Душевная у меня просьба: Если кто по-жизни шибко серьёзный; в нашем несмешном бытие ничего смешного не видит-лучше дальше не читайте. Не надо. 

     За три месяца упоительных летних каникул от беспризорной жизни в дикой природе, мы, в нашей ОПГ, уже слегка дичали; обрастали лохмами волос на голове, когтями-ногтями на конечностях; пару раз за лето меняли кожу на теле, а на пятках образовывался панцырь. Больше лазали по деревьям, чем ходили по земле. Эволюционировали назад к предкам.
     Тридцать первого августа родители вылавливали нас до того, как мы успевали убежать в наш лес и, не совсем безболезненными мероприятиями, возвращали нам цивилизованный вид.
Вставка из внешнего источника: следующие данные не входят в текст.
(* Let $k$ be a field of characteristic $\neq 2$, and let $\mathfrak g$, $u_0,u_1,u_2$ and $\mathfrak g_0,\mathfrak g_1,\mathfrak g_2$ be as in the context. For each $i=0,1,2$, the set $\{u_i\}\cup\{u_it^n,\ u_i(t')^n,\ u_i(t'')^n: n\geq 1\}$ is a $k$-basis of $\mathfrak g_i$.
   Context: $\mathcal A=k[t,t^{-1},(1-t)^{-1}]$, $t'=1-t^{-1}$, $t''=(1-t)^{-1}$, $\mathfrak g=\mathfrak{sl}_2(k)\otimes_k\mathcal A$. With $x=\begin{pmatrix}-1&2\\0&1\end{pmatrix}$, $y=\begin{pmatrix}-1&0\\-2&1\end{pmatrix}$, $z=\begin{pmatrix}1&0\\0&-1\end{pmatrix}$: $u_0=\tfrac14(z\otimes 1+x\otimes t''+y\otimes(t''-1))$, $u_1=\tfrac14(x\otimes 1+y\otimes t+z\otimes(t-1))$, $u_2=\tfrac14(y\otimes 1+z\otimes t'+x\otimes(t'-1))$. $\tau_1$ is the $\mathcal A$-linear map of $\mathfrak g$ with $\tau_1(x\otimes 1)=-x\otimes 1$, $\tau_1(y\otimes 1)=-(z\otimes t'+x\otimes(t'-1))$, $\tau_1(z\otimes 1)=x\otimes t''+y\otimes(t''-1)$; $\tau_2$ is the $\mathcal A$-linear map with $\tau_2(x\otimes 1)=y\otimes t+z\otimes(t-1)$, $\tau_2(y\otimes 1)=-y\otimes 1$, $\tau_2(z\otimes 1)=-(x\otimes t''+y\otimes(t''-1))$. Then $\mathfrak g_0=\{g:\tau_1(g)=g,\tau_2(g)=-g\}$, $\mathfrak g_1=\{g:\tau_1(g)=-g,\tau_2(g)=g\}$, $\mathfrak g_2=\{g:\tau_1(g)=-g,\tau_2(g)=-g\}$. *)

theory Defs
  imports "HOL-Analysis.Finite_Cartesian_Product"
          "HOL-Computational_Algebra.Polynomial"
          "HOL-Computational_Algebra.Polynomial_Factorial"
begin

text \<open>The field of rational functions k(t), containing the algebra
  A = k[t, t^-1, (1-t)^-1]. The field k is the type 'a.\<close>
type_synonym 'a rf = "'a poly fract"

text \<open>2x2 matrices with entries in k(t); sl2(k) tensor A is realised as the
  traceless 2x2 matrices with entries in A, with X tensor f = f X.\<close>
type_synonym 'a mat = "'a rf ^ 2 ^ 2"

definition kc :: "'a::field \<Rightarrow> 'a rf" where
  "kc c = to_fract [:c:]"

definition tvar :: "'a::field rf" where
  "tvar = to_fract [:0, 1:]"

definition tp :: "'a::field rf" where
  "tp = 1 - inverse tvar"

definition tpp :: "'a::field rf" where
  "tpp = inverse (1 - tvar)"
Отец доставал две волосостригущие с ручным приводом машинки; мы с братом по-очереди усаживались на табуретку и подставляли голову как на плаху.
     В тогдашней советской школе для мальчиков была обязательна короткая стрижка; к ней школьная униформа и белый сменный воротничок на ней. Как подворотничок у солдат в армии. Форма эта шилась из двух сортов ткани: "получше - подороже" и "похуже - подешевле". Это не в смысле: " на богатых" и "бедных", а в смысле "на любой вкус". На вкус моих родителей я носил " подешевле". У девочек была тоже своя форма: платье с тем же воротничком и ещё с обязательным фартучком.
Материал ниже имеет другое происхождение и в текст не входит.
lemma sq_dist_rotate_about [simp]: "sq_dist c (rotate_about c x t) = sq_dist c x"
proof -
  have lagrange: "(p + b * u - a * v - p)^2 + (q + a * u + b * v - q)^2 = (a^2 + b^2) * (u^2 + v^2)"
    for p q a b u v :: complex
    by (simp add: power2_eq_square algebra_simps)
  have "sq_dist c (rotate_about c x t) = ((sin t)^2 + (cos t)^2) * sq_dist c x"
    unfolding rotate_about_def sq_dist_def fst_conv snd_conv by (rule lagrange)
  then show ?thesis
    by simp
qed

lemma DERIV_poly2_rotate_about:
  "((\<lambda>t. poly2 P (rotate_about c x t)) has_field_derivative
     poly2 (pderiv_x P) (rotate_about c x t) * - (snd (rotate_about c x t) - snd c)
     + poly2 (pderiv P) (rotate_about c x t) * (fst (rotate_about c x t) - fst c)) (at t)"
proof -
  have "((\<lambda>t. fst (rotate_about c x t)) has_field_derivative - (snd (rotate_about c x t) - snd c)) (at t)"
    and "((\<lambda>t. snd (rotate_about c x t)) has_field_derivative fst (rotate_about c x t) - fst c) (at t)"
    unfolding rotate_about_def by (auto intro!: derivative_eq_intros simp: algebra_simps)
  from DERIV_poly2_comp[OF this, of P] show ?thesis
    by simp
qed

lemma complex_cos_sin_eq:
  fixes \<alpha> \<beta> :: complex
  assumes "\<alpha>^2 + \<beta>^2 = 1"
  shows "\<exists>t. cos t = \<alpha> \<and> sin t = \<beta>"
proof -
  define s where "s = \<alpha> + \<i> * \<beta>"
  have ss: "s * (\<alpha> - \<i> * \<beta>) = 1"
    using assms by (simp add: s_def algebra_simps power2_eq_square)
  then have s: "s \<noteq> 0"
    by auto
  have inv: "inverse s = \<alpha> - \<i> * \<beta>"
    using ss s by (simp add: field_simps)
  define t where "t = - \<i> * Ln s"
  have e1: "exp (\<i> * t) = s"
    using s by (simp add: t_def)
  then have e2: "exp (- (\<i> * t)) = \<alpha> - \<i> * \<beta>"
    using inv by (simp add: exp_minus)
  have "cos t = \<alpha>"
    unfolding cos_exp_eq e1 e2 by (simp add: s_def)
  moreover have "sin t = (s - (\<alpha> - \<i> * \<beta>)) / (2 * \<i>)"
    by (simp only: sin_exp_eq e1 e2)
  then have "sin t = \<beta>"
    by (simp add: s_def field_simps)
  ultimately show ?thesis
    by blast
qed

text \<open>The rotation angle is read off from the inner product and the determinant of \<open>x - c\<close>
  and \<open>y - c\<close> (Lagrange's identity makes them a point of the unit circle after scaling).\<close>

lemma rotate_about_transitive:
  assumes "sq_dist c x = sq_dist c y" "sq_dist c x \<noteq> 0"
  shows "\<exists>t. rotate_about c x t = y"
proof -
  define k where "k = sq_dist c x"
  define v1 v2 w1 w2 where "v1 = fst x - fst c" "v2 = snd x - snd c" "w1 = fst y - fst c" "w2 = snd y - snd c"
  have k: "v1^2 + v2^2 = k" "w1^2 + w2^2 = k" "k \<noteq> 0"
    using assms by (simp_all add: k_def sq_dist_def v1_v2_w1_w2_def)
  define \<alpha> where "\<alpha> = (v1 * w1 + v2 * w2) / k"
  define \<beta> where "\<beta> = (v1 * w2 - v2 * w1) / k"
  have "(v1 * w1 + v2 * w2)^2 + (v1 * w2 - v2 * w1)^2 = (v1^2 + v2^2) * (w1^2 + w2^2)"
    by (simp add: power2_eq_square algebra_simps)
  then have "\<alpha>^2 + \<beta>^2 = 1"
    using k by (simp add: \<alpha>_def \<beta>_def power_divide add_divide_distrib[symmetric] power2_eq_square)
  then obtain t where t: "cos t = \<alpha>" "sin t = \<beta>"
    using complex_cos_sin_eq by blast
  have "\<alpha> * v1 - \<beta> * v2 = ((v1 * w1 + v2 * w2) * v1 - (v1 * w2 - v2 * w1) * v2) / k"
    using k(3) by (simp add: \<alpha>_def \<beta>_def field_simps)
  also have "\<dots> = w1 * (v1^2 + v2^2) / k"
    by (simp add: power2_eq_square algebra_simps)
  finally have "\<alpha> * v1 - \<beta> * v2 = w1 * (v1^2 + v2^2) / k" .
  moreover have "\<beta> * v1 + \<alpha> * v2 = ((v1 * w2 - v2 * w1) * v1 + (v1 * w1 + v2 * w2) * v2) / k"
    using k(3) by (simp add: \<alpha>_def \<beta>_def field_simps)
  moreover have "\<dots> = w2 * (v1^2 + v2^2) / k"
    by (simp add: power2_eq_square algebra_simps)
  ultimately have "\<alpha> * v1 - \<beta> * v2 = w1" "\<beta> * v1 + \<alpha> * v2 = w2"
    using k by simp_all
  then have "rotate_about c x t = y"
    using t by (simp add: rotate_about_def v1_v2_w1_w2_def prod_eq_iff algebra_simps)
  then show ?thesis
    by blast
qed

lemma DERIV_linear_zero:
  fixes \<phi> a :: "complex \<Rightarrow> complex"
  assumes \<phi>': "\<And>t. (\<phi> has_field_derivative a t * \<phi> t) (at t)"
    and a: "\<And>t. a field_differentiable at t" and "\<phi> 0 = 0"
  shows "\<phi> t = 0"
proof -
  have "continuous_on UNIV a"
    using a field_differentiable_imp_continuous_at continuous_at_imp_continuous_on by blast
  then obtain A where A: "\<And>t. (A has_field_derivative a t) (at t)"
    using holomorphic_convex_primitive[of UNIV "{}" a] a by auto
  have "((\<lambda>t. \<phi> t * exp (- A t)) has_field_derivative 0) (at t within UNIV)" for t
    using A[of t] \<phi>'[of t] by (auto intro!: derivative_eq_intros simp: algebra_simps)
  then have "\<phi> t * exp (- A t) = \<phi> 0 * exp (- A 0)"
    using has_field_derivative_zero_constant[of UNIV "\<lambda>t. \<phi> t * exp (- A t)"] by auto
  then show ?thesis
    using \<open>\<phi> 0 = 0\<close> by simp
qed

text \<open>The derivative of \<open>f\<close> along the rotation field \<open>(c\<^sub>2 - y, x - c\<^sub>1)\<close> about \<open>c\<close>.\<close>

definition rotation_deriv :: "complex \<times> complex \<Rightarrow> bpoly \<Rightarrow> bpoly" where
  "rotation_deriv c f = pderiv f * (var_x - [:[:fst c:]:]) - pderiv_x f * (var_y - [:[:snd c:]:])"

lemma poly2_rotation_deriv:
  "poly2 (rotation_deriv c f) y
     = poly2 (pderiv_x f) y * - (snd y - snd c) + poly2 (pderiv f) y * (fst y - fst c)"
  by (simp add: rotation_deriv_def algebra_simps)

text \<open>If \<open>f\<close> divides its derivative along the rotation field, then along every orbit
  \<open>\<phi>' = a \<phi>\<close>, so \<open>\<phi>\<close> vanishes identically as soon as it vanishes at one point.\<close>

lemma zero_set_rotate_about:
  assumes "f dvd rotation_deriv c f" "x \<in> zero_set f"
  shows "rotate_about c x t \<in> zero_set f"
proof -
  obtain q where q: "rotation_deriv c f = f * q"
    using assms(1) by blast
  define \<phi> where "\<phi> t = poly2 f (rotate_about c x t)" for t
  define a where "a t = poly2 q (rotate_about c x t)" for t
  have "(\<phi> has_field_derivative a t * \<phi> t) (at t)" for t
    using DERIV_poly2_rotate_about[of f c x t] arg_cong[OF q, of "\<lambda>P. poly2 P (rotate_about c x t)"]
    unfolding \<phi>_def[abs_def] a_def poly2_rotation_deriv by (simp add: mult.commute)
  moreover have "a field_differentiable at t" for t
    using DERIV_poly2_rotate_about[of q c x t] unfolding a_def[abs_def] field_differentiable_def by blast
  moreover have "\<phi> 0 = 0"
    using assms(2) by (simp add: \<phi>_def zero_set_def)
  ultimately have "\<phi> t = 0"
    by (rule DERIV_linear_zero)
  then show ?thesis
    by (simp add: \<phi>_def zero_set_def)
qed

section \<open>Normal spaces and the ED correspondence of a curve\<close>

definition det2 :: "complex \<times> complex \<Rightarrow> complex \<times> complex \<Rightarrow> complex" where
  "det2 v w = fst v * snd w - snd v * fst w"

lemma grad_in_normal_space:
  assumes "g \<in> vanishing C2 X"
  shows "(c * fst (grad g x), c * snd (grad g x)) \<in> normal_space X x"
  unfolding normal_space_def using assms
  by (intro CollectI exI[of _ "[c]"] exI[of _ "[g]"]) auto

lemma normal_space_orthogonal:
  assumes "\<And>g. g \<in> vanishing C2 X \<Longrightarrow> a * fst (grad g x) + b * snd (grad g x) = 0"
    and "v \<in> normal_space X x"
  shows "a * fst v + b * snd v = 0"
proof -
  obtain cs fs where v: "set fs \<subseteq> vanishing C2 X"
    "v = ((\<Sum>i<length fs. cs!i * fst (grad (fs!i) x)), (\<Sum>i<length fs. cs!i * snd (grad (fs!i) x)))"
    using assms(2) unfolding normal_space_def by blast
  have "a * fst v + b * snd v = (\<Sum>i<length fs. cs!i * (a * fst (grad (fs!i) x) + b * snd (grad (fs!i) x)))"
    unfolding v(2) by (simp add: sum_distrib_left sum.distrib algebra_simps)
  also have "\<dots> = 0"
    using v(1) assms(1) by (intro sum.neutral) (auto dest: nth_mem)
  finally show ?thesis .
qed

lemma det2_eq_0_if_orthogonal:
  assumes "a * fst v + b * snd v = 0" "a * fst w + b * snd w = 0" "(a, b) \<noteq> (0, 0)"
  shows "det2 v w = 0"
proof (cases "a = 0")
  case True
  then show ?thesis
    using assms by (simp add: det2_def)
next
  case False
  have "a * det2 v w = (a * fst v) * snd w - snd v * (a * fst w)"
    by (simp add: det2_def algebra_simps)
  also have "\<dots> = 0"
    using assms(1,2) by (simp add: eq_neg_iff_add_eq_0[symmetric])
  finally show ?thesis
    using False by simp
qed

lemma det2_reg_normal_space:
  assumes "zdim C2 X = 1" "x \<in> reg X" "v \<in> normal_space X x" "w \<in> normal_space X x"
  shows "det2 v w = 0"
  using assms unfolding reg_def cdim2_def det2_def by (auto split: if_splits)

lemma det2_eq_0_imp_parallel:
  assumes "det2 w v = 0" "w \<noteq> 0"
  shows "\<exists>s. v = (s * fst w, s * snd w)"
proof (cases "fst w = 0")
  case True
  then have "snd w \<noteq> 0"
    using assms(2) by (auto simp: zero_prod_def prod_eq_iff)
  then show ?thesis
    using assms(1) True by (intro exI[of _ "snd v / snd w"]) (auto simp: det2_def prod_eq_iff)
next
  case False
  then show ?thesis
    using assms(1) by (intro exI[of _ "fst v / fst w"]) (auto simp: det2_def prod_eq_iff field_simps)
qed

lemma cdim2_span:
  assumes "w \<noteq> 0"
  shows "cdim2 (range (\<lambda>s. (s * fst w, s * snd w))) = 1"
proof -
  let ?N = "range (\<lambda>s. (s * fst w, s * snd w))"
  have "(1 * fst w, 1 * snd w) \<in> ?N" "(1 * fst w, 1 * snd w) \<noteq> (0, 0)"
    using assms by (auto simp: zero_prod_def prod_eq_iff)
  then have "\<not> ?N \<subseteq> {(0, 0)}"
    by blast
  moreover have "\<not> (\<exists>v\<in>?N. \<exists>u\<in>?N. fst v * snd u - snd v * fst u \<noteq> 0)"
    by (auto simp: algebra_simps)
  ultimately show ?thesis
    unfolding cdim2_def by (simp only: if_False)
qed

lemma normal_space_eq_span:
  assumes "w \<noteq> 0" "g \<in> vanishing C2 X" "grad g x = w"
    and "\<And>h. h \<in> vanishing C2 X \<Longrightarrow> det2 w (grad h x) = 0"
  shows "normal_space X x = range (\<lambda>s. (s * fst w, s * snd w))"
proof
  show "normal_space X x \<subseteq> range (\<lambda>s. (s * fst w, s * snd w))"
  proof
    fix v assume "v \<in> normal_space X x"
    then have "- snd w * fst v + fst w * snd v = 0"
      using normal_space_orthogonal[of X "- snd w" x "fst w"] assms(4)
      by (auto simp: det2_def algebra_simps)
    then obtain s where "v = (s * fst w, s * snd w)"
      using det2_eq_0_imp_parallel[OF _ assms(1), of v] by (auto simp: det2_def algebra_simps)
    then show "v \<in> range (\<lambda>s. (s * fst w, s * snd w))"
      by blast
  qed
  show "range (\<lambda>s. (s * fst w, s * snd w)) \<subseteq> normal_space X x"
    unfolding assms(3)[symmetric] using grad_in_normal_space[OF assms(2), of _ x] by blast
qed

lemma reg_if_normal_space_span:
  assumes "zdim C2 X = 1" "x \<in> X" "w \<noteq> 0" "normal_space X x = range (\<lambda>s. (s * fst w, s * snd w))"
  shows "x \<in> reg X"
  using assms cdim2_span by (simp add: reg_def)

lemma polyfun_C4_fst: "polyfun C2 g \<Longrightarrow> polyfun C4 (\<lambda>p. g (fst p))"
proof (induct rule: polyfun.induct)
  case (pf_coord f)
  then show ?case
    by (auto intro!: polyfun.pf_coord simp: C2_def C4_def)
qed (auto intro: polyfun.intros)

lemma polyfun_C4_snd: "polyfun C2 g \<Longrightarrow> polyfun C4 (\<lambda>p. g (snd p))"
proof (induct rule: polyfun.induct)
  case (pf_coord f)
  then show ?case
    by (auto intro!: polyfun.pf_coord simp: C2_def C4_def)
qed (auto intro: polyfun.intros)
     У мальчиков была даже фуражка военного покроя с кокардочкой и ремешком; а также ремень с бляхой. Ремень был картонно кожанный, зато бляха натурально латунная. Такая униформа делала нас сплошь равными и родителям так было тоже удобней: не надо голову ломать, где и что детям в школу покупать. Когда особенно нечего. Не знаю, как девочек, но нас, мальчиков, униформа очень мотивировала идти в школу. Правда только поначалу, пока была новой.
     Продолжая стрижку; в машинках тех была заложена странная программа: они то стригли волосы хорошо и ровно, то начинали их остервенело рвать с корнем. Нечасто, но так неожиданно и больно, что слёзы почему-то выступали на глазах. Мы, с братом, сидели, как на электрическом стуле и дёргались, соответсвенно, как от ударов переменного тока.
     От "ударов тока" на голове потом оставались такие белые  отметины, и почти каждый пацан носил в школе на голове эти "электрические" отметины. Стрижка "налысо" нам ужасно не нравилась и мы просили отцов оставить хотя бы "чубчик". И где-то со второго класса мы красовались перед девочками разношёрстными чубчиками. Они, так же как хвосты у павлинов, тешили наше мужское достоинство.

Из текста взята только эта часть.